Dataset entries:
____________________

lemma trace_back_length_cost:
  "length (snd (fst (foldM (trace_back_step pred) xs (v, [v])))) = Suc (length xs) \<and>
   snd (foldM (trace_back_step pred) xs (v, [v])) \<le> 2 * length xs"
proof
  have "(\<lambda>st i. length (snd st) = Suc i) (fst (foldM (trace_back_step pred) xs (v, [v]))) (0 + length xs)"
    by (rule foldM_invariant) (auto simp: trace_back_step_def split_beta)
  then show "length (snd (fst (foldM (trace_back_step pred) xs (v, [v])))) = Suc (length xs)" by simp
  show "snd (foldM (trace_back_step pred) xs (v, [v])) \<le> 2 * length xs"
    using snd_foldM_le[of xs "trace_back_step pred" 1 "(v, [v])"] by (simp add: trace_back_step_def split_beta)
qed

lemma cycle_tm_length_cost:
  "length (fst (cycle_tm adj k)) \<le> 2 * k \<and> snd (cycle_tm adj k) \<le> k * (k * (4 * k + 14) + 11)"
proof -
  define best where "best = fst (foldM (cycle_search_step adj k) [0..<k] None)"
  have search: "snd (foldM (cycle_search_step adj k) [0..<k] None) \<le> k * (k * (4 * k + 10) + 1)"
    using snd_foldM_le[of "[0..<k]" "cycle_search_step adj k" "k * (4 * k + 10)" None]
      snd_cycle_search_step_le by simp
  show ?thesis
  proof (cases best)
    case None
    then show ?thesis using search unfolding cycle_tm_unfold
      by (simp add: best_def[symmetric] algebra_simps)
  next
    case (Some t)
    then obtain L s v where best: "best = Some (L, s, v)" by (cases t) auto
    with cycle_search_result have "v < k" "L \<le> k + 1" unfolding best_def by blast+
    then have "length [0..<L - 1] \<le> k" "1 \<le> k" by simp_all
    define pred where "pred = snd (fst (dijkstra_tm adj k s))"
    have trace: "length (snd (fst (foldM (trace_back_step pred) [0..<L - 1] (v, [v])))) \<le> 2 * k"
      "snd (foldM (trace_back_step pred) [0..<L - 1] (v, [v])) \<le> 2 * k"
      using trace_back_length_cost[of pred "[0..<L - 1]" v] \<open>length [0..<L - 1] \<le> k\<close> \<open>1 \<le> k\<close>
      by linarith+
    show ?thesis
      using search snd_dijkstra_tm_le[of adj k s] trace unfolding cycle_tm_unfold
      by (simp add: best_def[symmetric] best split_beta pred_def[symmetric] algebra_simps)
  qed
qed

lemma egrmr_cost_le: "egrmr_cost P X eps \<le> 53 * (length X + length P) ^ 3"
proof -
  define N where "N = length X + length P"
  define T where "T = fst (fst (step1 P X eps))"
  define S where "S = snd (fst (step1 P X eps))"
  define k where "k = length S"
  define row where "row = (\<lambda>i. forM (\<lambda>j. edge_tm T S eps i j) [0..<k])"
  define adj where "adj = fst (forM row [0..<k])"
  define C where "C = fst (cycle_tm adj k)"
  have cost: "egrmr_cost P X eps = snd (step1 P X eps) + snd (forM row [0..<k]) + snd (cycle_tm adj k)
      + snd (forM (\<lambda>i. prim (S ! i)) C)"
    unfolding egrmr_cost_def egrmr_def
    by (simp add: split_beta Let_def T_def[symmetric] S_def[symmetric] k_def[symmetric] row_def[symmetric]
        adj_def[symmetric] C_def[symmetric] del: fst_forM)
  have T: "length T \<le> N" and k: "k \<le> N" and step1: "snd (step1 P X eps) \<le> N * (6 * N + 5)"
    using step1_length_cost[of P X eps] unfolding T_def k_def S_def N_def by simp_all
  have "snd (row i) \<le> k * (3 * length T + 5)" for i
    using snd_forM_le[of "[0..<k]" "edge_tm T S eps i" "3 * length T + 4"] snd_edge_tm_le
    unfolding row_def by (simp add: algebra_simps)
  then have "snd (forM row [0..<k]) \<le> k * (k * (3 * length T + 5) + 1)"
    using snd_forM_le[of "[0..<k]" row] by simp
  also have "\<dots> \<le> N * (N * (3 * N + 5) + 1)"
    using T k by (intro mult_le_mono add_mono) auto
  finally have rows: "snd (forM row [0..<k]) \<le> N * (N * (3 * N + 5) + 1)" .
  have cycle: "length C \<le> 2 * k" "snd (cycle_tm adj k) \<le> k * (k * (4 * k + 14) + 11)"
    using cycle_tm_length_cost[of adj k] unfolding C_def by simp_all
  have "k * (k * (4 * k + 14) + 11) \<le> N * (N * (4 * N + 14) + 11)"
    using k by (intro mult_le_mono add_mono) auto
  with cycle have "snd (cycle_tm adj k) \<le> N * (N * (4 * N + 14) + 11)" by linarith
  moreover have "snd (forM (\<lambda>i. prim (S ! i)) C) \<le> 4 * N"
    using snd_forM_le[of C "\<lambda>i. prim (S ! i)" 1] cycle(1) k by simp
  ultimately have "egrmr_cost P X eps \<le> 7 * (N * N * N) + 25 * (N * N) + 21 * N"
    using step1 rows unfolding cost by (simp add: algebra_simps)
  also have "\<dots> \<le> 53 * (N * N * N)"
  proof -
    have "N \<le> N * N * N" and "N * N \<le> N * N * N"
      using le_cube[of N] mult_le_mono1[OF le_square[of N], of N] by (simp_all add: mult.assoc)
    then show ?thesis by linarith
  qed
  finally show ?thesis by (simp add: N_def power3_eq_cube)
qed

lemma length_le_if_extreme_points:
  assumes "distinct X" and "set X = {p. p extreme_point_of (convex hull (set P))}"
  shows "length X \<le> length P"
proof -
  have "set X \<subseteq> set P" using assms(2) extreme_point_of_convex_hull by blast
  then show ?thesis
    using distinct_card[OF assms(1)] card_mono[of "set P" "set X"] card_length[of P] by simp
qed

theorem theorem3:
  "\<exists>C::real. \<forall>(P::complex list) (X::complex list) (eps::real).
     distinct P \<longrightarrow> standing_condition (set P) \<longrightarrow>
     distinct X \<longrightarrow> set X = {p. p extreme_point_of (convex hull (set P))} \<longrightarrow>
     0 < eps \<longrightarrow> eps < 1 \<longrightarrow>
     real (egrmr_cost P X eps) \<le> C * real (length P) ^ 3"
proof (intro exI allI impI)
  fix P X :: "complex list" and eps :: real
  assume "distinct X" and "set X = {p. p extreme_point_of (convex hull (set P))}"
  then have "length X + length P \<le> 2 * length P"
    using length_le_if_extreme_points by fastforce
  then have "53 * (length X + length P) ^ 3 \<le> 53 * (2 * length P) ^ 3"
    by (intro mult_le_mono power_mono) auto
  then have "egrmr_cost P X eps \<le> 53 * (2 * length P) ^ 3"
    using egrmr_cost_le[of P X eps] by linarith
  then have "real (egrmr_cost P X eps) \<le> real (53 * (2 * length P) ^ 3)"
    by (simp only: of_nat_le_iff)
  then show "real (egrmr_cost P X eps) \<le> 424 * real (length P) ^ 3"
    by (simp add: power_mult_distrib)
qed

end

____________________

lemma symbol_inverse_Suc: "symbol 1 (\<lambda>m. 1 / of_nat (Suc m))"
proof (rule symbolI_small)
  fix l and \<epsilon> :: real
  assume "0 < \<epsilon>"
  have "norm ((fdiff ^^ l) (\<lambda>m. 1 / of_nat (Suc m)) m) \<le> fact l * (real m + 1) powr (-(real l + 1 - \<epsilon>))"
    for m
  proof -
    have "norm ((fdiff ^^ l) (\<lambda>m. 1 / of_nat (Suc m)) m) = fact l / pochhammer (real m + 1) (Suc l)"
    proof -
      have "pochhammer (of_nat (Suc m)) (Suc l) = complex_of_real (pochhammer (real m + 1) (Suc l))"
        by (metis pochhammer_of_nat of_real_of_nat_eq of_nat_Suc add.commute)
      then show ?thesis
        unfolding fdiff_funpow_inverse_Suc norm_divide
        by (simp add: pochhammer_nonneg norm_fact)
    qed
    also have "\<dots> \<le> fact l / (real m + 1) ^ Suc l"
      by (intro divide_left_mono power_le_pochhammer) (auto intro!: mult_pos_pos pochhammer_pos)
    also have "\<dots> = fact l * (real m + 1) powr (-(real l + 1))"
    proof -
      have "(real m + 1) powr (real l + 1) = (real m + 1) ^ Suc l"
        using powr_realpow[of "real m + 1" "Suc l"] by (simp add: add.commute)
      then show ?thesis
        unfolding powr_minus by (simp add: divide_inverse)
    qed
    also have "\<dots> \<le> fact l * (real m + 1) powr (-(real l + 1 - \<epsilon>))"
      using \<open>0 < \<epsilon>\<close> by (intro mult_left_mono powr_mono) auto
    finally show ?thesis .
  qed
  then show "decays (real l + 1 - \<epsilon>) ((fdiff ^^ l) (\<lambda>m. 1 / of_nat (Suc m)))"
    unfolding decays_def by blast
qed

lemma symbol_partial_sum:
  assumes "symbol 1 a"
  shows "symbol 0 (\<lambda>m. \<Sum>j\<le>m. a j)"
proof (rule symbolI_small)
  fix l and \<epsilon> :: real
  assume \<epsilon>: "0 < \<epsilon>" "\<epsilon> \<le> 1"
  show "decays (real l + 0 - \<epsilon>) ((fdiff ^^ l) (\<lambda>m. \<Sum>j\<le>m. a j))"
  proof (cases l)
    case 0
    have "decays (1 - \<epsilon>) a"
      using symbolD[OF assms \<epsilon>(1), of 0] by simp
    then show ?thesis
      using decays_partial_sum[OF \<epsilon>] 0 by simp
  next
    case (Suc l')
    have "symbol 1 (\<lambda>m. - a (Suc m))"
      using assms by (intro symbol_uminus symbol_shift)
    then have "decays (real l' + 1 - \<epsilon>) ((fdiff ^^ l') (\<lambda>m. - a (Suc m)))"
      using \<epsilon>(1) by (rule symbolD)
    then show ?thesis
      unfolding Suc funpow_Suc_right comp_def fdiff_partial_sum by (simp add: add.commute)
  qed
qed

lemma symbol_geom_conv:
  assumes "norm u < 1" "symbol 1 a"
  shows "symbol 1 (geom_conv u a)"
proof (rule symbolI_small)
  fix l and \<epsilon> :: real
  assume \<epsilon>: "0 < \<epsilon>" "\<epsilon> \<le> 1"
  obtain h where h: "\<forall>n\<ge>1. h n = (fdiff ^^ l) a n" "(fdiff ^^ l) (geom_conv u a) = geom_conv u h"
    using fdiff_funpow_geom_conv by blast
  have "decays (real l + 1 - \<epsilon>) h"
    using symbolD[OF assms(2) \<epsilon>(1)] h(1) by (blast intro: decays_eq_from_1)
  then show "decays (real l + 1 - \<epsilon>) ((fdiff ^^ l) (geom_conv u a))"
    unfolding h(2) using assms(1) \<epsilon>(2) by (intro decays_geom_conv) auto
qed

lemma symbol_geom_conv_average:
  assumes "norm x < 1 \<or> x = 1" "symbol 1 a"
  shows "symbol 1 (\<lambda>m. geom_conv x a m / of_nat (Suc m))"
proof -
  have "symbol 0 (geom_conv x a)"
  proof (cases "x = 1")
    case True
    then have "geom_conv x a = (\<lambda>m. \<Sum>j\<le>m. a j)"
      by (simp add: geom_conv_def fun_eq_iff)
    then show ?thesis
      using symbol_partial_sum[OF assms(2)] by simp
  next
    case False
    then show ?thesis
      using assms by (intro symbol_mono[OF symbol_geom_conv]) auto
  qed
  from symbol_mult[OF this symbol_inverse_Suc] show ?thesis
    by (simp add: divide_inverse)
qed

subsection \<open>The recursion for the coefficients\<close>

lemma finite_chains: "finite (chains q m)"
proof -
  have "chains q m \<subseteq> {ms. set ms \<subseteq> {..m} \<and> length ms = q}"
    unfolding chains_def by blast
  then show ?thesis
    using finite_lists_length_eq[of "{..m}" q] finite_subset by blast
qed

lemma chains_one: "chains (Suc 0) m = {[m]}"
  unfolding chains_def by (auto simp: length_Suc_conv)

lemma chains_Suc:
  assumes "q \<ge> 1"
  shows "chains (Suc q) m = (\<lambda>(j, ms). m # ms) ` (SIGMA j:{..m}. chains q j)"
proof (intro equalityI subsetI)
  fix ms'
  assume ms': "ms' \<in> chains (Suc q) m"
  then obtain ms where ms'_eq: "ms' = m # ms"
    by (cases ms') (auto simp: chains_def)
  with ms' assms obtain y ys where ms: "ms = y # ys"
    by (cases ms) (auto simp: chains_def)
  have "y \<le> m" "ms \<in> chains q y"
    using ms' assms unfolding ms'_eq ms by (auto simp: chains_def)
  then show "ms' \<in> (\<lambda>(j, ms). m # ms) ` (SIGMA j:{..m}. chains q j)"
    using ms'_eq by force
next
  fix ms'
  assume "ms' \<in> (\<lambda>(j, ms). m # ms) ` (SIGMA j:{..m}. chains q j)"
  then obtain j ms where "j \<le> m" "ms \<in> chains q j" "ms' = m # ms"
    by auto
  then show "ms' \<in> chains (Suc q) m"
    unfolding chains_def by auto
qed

____________________

ABOUT THIS TASK: In the records above, find each line that mentions the string "None", then copy it.

SOLVED EXERCISE:
  define best where "best = fst (foldM (cycle_search_step adj k) [0..<k] None)"
  have search: "snd (foldM (cycle_search_step adj k) [0..<k] None) \<le> k * (k * (4 * k + 10) + 1)"
    using snd_foldM_le[of "[0..<k]" "cycle_search_step adj k" "k * (4 * k + 10)" None]
    case None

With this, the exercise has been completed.